Противоречие? Нет, правда искусства не противоречит правде жизни; она только выявляет ее, усиливает. Обнажает сущность предмета или явления. Так, как он сам стремился к этому в «Сеятеле» или «Булыжнике — оружии пролетариата». Стремился не зафиксировать увиденное, но осмыслить действительность и управляющие ею законы.
В соответствии с «теорией относительности в искусстве» Шадр приступает к созданию еще одной скульптуры, посвященной В. И. Ленину.
Оценивая мысленно свою Лениниану, он отмечает три произведения: посмертный портрет, вылепленный в Колонном зале; монумент для ЗАГЭСа; статую для зала заседаний Верховного Совета.
Теперь Шадр завершит свою Лениниану еще одним аккордом — скорбным и торжественным. Сколько лет уже не дает ему покоя эта тема!
Прошлой зимой в Белоруссии Шадр поделился ею с А. Н. Грубе. Мастерская Грубе была за городом, и Шадр долго шел по сугробам. Он просидел у Грубе всю ночь — и почти всю ночь рассказывал о том, как видел Ленина в гробу и что пережил тогда.
Шадр решает изобразить Ленина усопшим, на смертном одре. «Ленин умер, но дело его живет», — назовет он композицию.
Он хочет передать горестное величие ленинской смерти. И пусть в нем «относительно» что-то будет неверно. Вместо современного пиджака — обнаженное, могучее еще тело, вместо венков — складки знамен. Надо увеличить и рост — Шадр лепит Ленина лежащим гигантом.
Гроб? Нет, монументальная гробница. Тяжелые складки покрывала, спускающегося почти до земли, придадут композиции ритм похоронной кантаты.

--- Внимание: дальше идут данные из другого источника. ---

(* Let $\mathcal{R}$ be a left-connected rewriting system over a signature $\Sigma$, let $L_i,L_j$ be left-hand sides of rules of $\mathcal{R}$, and let $S_{ij\gamma}$ (with $\epsilon_{ij\gamma}\colon L_i+L_j\to S_{ij\gamma}$) be a hyperedge gluing and $S_{ij\gamma'}$ (with $\epsilon_{ij\gamma'}\colon S_{ij\gamma}\to S_{ij\gamma'}$) a subsequent node gluing, as described below, such that $S_{ij\gamma'}$ yields a critical pair. Then for every left-hand side $L$ of a rule of $\mathcal{R}$ and every convex match $m\colon L\to S_{ij\gamma}$ (into the ma-cospan $in(S_{ij\gamma})\to S_{ij\gamma}\leftarrow out(S_{ij\gamma})$), the composite $m;\epsilon_{ij\gamma'}\colon L\to S_{ij\gamma'}$ is a convex match (into the ma-cospan $in(S_{ij\gamma'})\to S_{ij\gamma'}\leftarrow out(S_{ij\gamma'})$).
   Context: A signature $\Sigma$ is a set of triples $(x,n,m)$ (label, arity, coarity). A $\Sigma$-hypergraph $G=(V,E,s,t,l)$ has finite sets $V$ (nodes), $E$ (hyperedges), maps $s,t\colon E\to V^*$ (lists of sources/targets) and a labelling $l\colon E\to\Sigma$ sending a hyperedge with $n$ sources and $m$ targets to some $(x,n,m)$. Morphisms preserve sources, targets and labels; they form the category $\mathbf{Hyp}_\Sigma$, where colimits are computed componentwise and monos/epis are injective/surjective on nodes and hyperedges. Composition is written $f;g$; $\iota_1,\iota_2$ are coprojections. A hypergraph is discrete if it has no hyperedges. A path is a list of hyperedges $[e_1,\dots,e_n]$ with some target of $e_k$ equal to a source of $e_{k+1}$ for each $k$; it goes from $v$ to $v'$ if $v$ is a source of $e_1$ and $v'$ a target of $e_n$; a cycle is a path with some source of $e_1$ a target of $e_n$. In-degree (out-degree) of a node $v$: number of pairs $(e,i)$ with $v$ the $i$-th target (source) of $e$; $in(H)$, $out(H)$: nodes of in-degree $0$, out-degree $0$. $H$ is ma (monogamous acyclic) if it has no cycle and all in- and out-degrees are $\le 1$. A cospan $I\to H\leftarrow O$ with $I,O$ discrete is an ma-cospan if $H$ is ma and the legs are mono with images $in(H)$ and $out(H)$. $H$ is strongly connected if for all $x\in in(H)$, $y\in out(H)$ there is a path from $x$ to $y$. A left-connected rule is a span $L\xleftarrow{[i_L,o_L]}K=I+O\xrightarrow{[i_R,o_R]}R$ with $I,O$ discrete, $I\to L\leftarrow O$, $I\to R\leftarrow O$ ma-cospans, $[i_L,o_L]$ mono, $L$ strongly connected; a left-connected rewriting system is a finite set of such rules. A convex match is a mono $m\colon L\to G$ such that for any nodes $v,v'$ of $m(L)$ and any path in $G$ from $v$ to $v'$, all hyperedges of the path lie in $m(L)$; for left-connected systems it is known that every mono match of a left-hand side is convex. Derivations between ma-cospans are given by a rule, a convex match and a double pushout diagram commuting with the interface. A pre-critical pair is a pair of derivations from a common ma-cospan $n\to S\leftarrow m$ with matches $m_1\colon L_i\to S$, $m_2\colon L_j\to S$ such that $[m_1,m_2]$ is epi; it is parallel if $m_1$ factors through the pushout complement $C_2\to S$ of the second derivation and $m_2$ through the pushout complement $C_1\to S$ of the first; critical if not parallel. Hyperedge gluing: let $M$ be a nonempty set of pairs $(e,e')$, $e$ a hyperedge of $L_i$, $e'$ of $L_j$, with equal labels, no hyperedge in two pairs; $\gamma$ has hyperedges $M$ and nodes the pairs $(v,v')$ that are $k$-th sources (or $k$-th targets) of $e,e'$ for some $(e,e')\in M$ and $k$, with projections $p_1^\gamma\colon\gamma\to L_i$, $p_2^\gamma\colon\gamma\to L_j$; $\epsilon_{ij\gamma}\colon L_i+L_j\to S_{ij\gamma}$ is the coequaliser of $p_1^\gamma;\iota_1$ and $p_2^\gamma;\iota_2$. Node gluing: with $I_1=in(S_{ij\gamma})\cap\epsilon_{ij\gamma}(\iota_1(in(L_i)))$, $I_2=in(S_{ij\gamma})\cap\epsilon_{ij\gamma}(\iota_2(in(L_j)))$, $O_1=out(S_{ij\gamma})\cap\epsilon_{ij\gamma}(\iota_1(out(L_i)))$, $O_2=out(S_{ij\gamma})\cap\epsilon_{ij\gamma}(\iota_2(out(L_j)))$, let $N$ be a set of pairs in $I_1\times O_2$, or in $I_2\times O_1$, with no element in two pairs; $\gamma'$ is the discrete hypergraph with nodes $N$ and projections $p_1^{\gamma'},p_2^{\gamma'}\colon\gamma'\to S_{ij\gamma}$; $\epsilon_{ij\gamma'}\colon S_{ij\gamma}\to S_{ij\gamma'}$ is their coequaliser. $S_{ij\gamma'}$ yields a critical pair if the matches $\iota_k;\epsilon_{ij\gamma};\epsilon_{ij\gamma'}$ ($k=1,2$) are mono, $in(S_{ij\gamma'})\xrightarrow{\subseteq}S_{ij\gamma'}\xleftarrow{\subseteq}out(S_{ij\gamma'})$ is an ma-cospan, and the derivations from it with these matches form a critical pair. *)

theory Defs
  imports Main
begin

Тетради рабочих записей опять открыты на стихах — они всегда помогают Шадру в творческих поисках. Они утверждают основную идею композиции — бессмертие ленинского дела: «Он жив. В идее жив. Не умер. Не умрет».
Стены мастерской задрапированы красными полотнищами, в углах стоят знамена. Они и создают обстановку и служат натурой: Шадр вводит красные стяги в композицию. Все старые работы сдвинуты, убраны; неподалеку от начатой скульптуры висит лишь горельеф Карла Маркса, сделанный еще в начале революции. Ничто не отвлекает мысли скульптора. «Я хочу, — цитирует Шадр Белинского, — «созерцать идею не рассудком, не чувством и не какой-нибудь одной способностью своей души, но всей полнотой и цельностью своего нравственного бытия».
Пока работа сделана из гипса, но Шадр мечтает перевести ее в полированный красный порфир, в крайнем случае в теплый гранит. Он уже рассказывает всем приходящим в мастерскую, как отблески света будут играть на полированной плоскости знамен, потухать в скользящем вниз покрывале.
Скульптура была отвезена в Музей революции, установлена в большом зале, закрытом для публики. Художники осматривали ее по пригласительным билетам. Раза два в зал пробились студенты художественных вузов. «Мы привыкли без билетов в театр прорываться, прорвались и в Музей революции», — рассказывал Шадру Цигаль. Сам Шадр на эти просмотры не ходил.
Он уже понял: скульптуру экспонировать не будут: слишком необычно, неожиданно был изображен Ленин. И когда пришло известие о том, что композиция помещена в запасники музея, сумел справиться со сдавившей сердце горечью, принял его внешне спокойно.
Решил заняться заказом, о котором давно просил Владимир Иванович Немирович-Данченко: сделать надгробие его умершей жене. Показать в этом надгробии бессмертие и непреходящую значимость человеческих чувств.
Работая шесть лет назад над памятником Аллилуевой, Шадр твердил пушкинское: «Печаль моя светла». Теперь ему казалось понятнее и ближе четверостишие В. А. Жуковского:
Как наполнить могильную плиту теплом, как внести в нее хотя бы элемент утешения?
Шадр рисует плиту с женским профилем, потом вазу с цветами — она будет так красива на гранитном кубе, потом классическую стелу.
По фотографиям тщательно изучает лицо умершей: профиль, поворот, три четверти.
Среди многочисленных снимков, изображавших Немирович-Данченко пожилой, больной женщиной, он находит один, которому уже много лет. На нем Екатерина Николаевна еще совсем молода, лицо ее мягко и поэтично, она обаятельна и добра.
И в то же время на этой фотографии она артистка! Поза ее изысканна, жест руки плавен и закончен.
Такой и решает ее лепить Шадр: молодой, красивой, доброй. С безукоризненной четкостью и выразительностью передает он тончайшие характерные линии лба, крыльев носа. Пусть это лицо будет очень ясным и очень чистым — красота духовная для Шадра еще важнее красоты физической. Только воспоминание о ней может сменить трагизм потери светлой грустью, полной раздумий о дорогом человеке.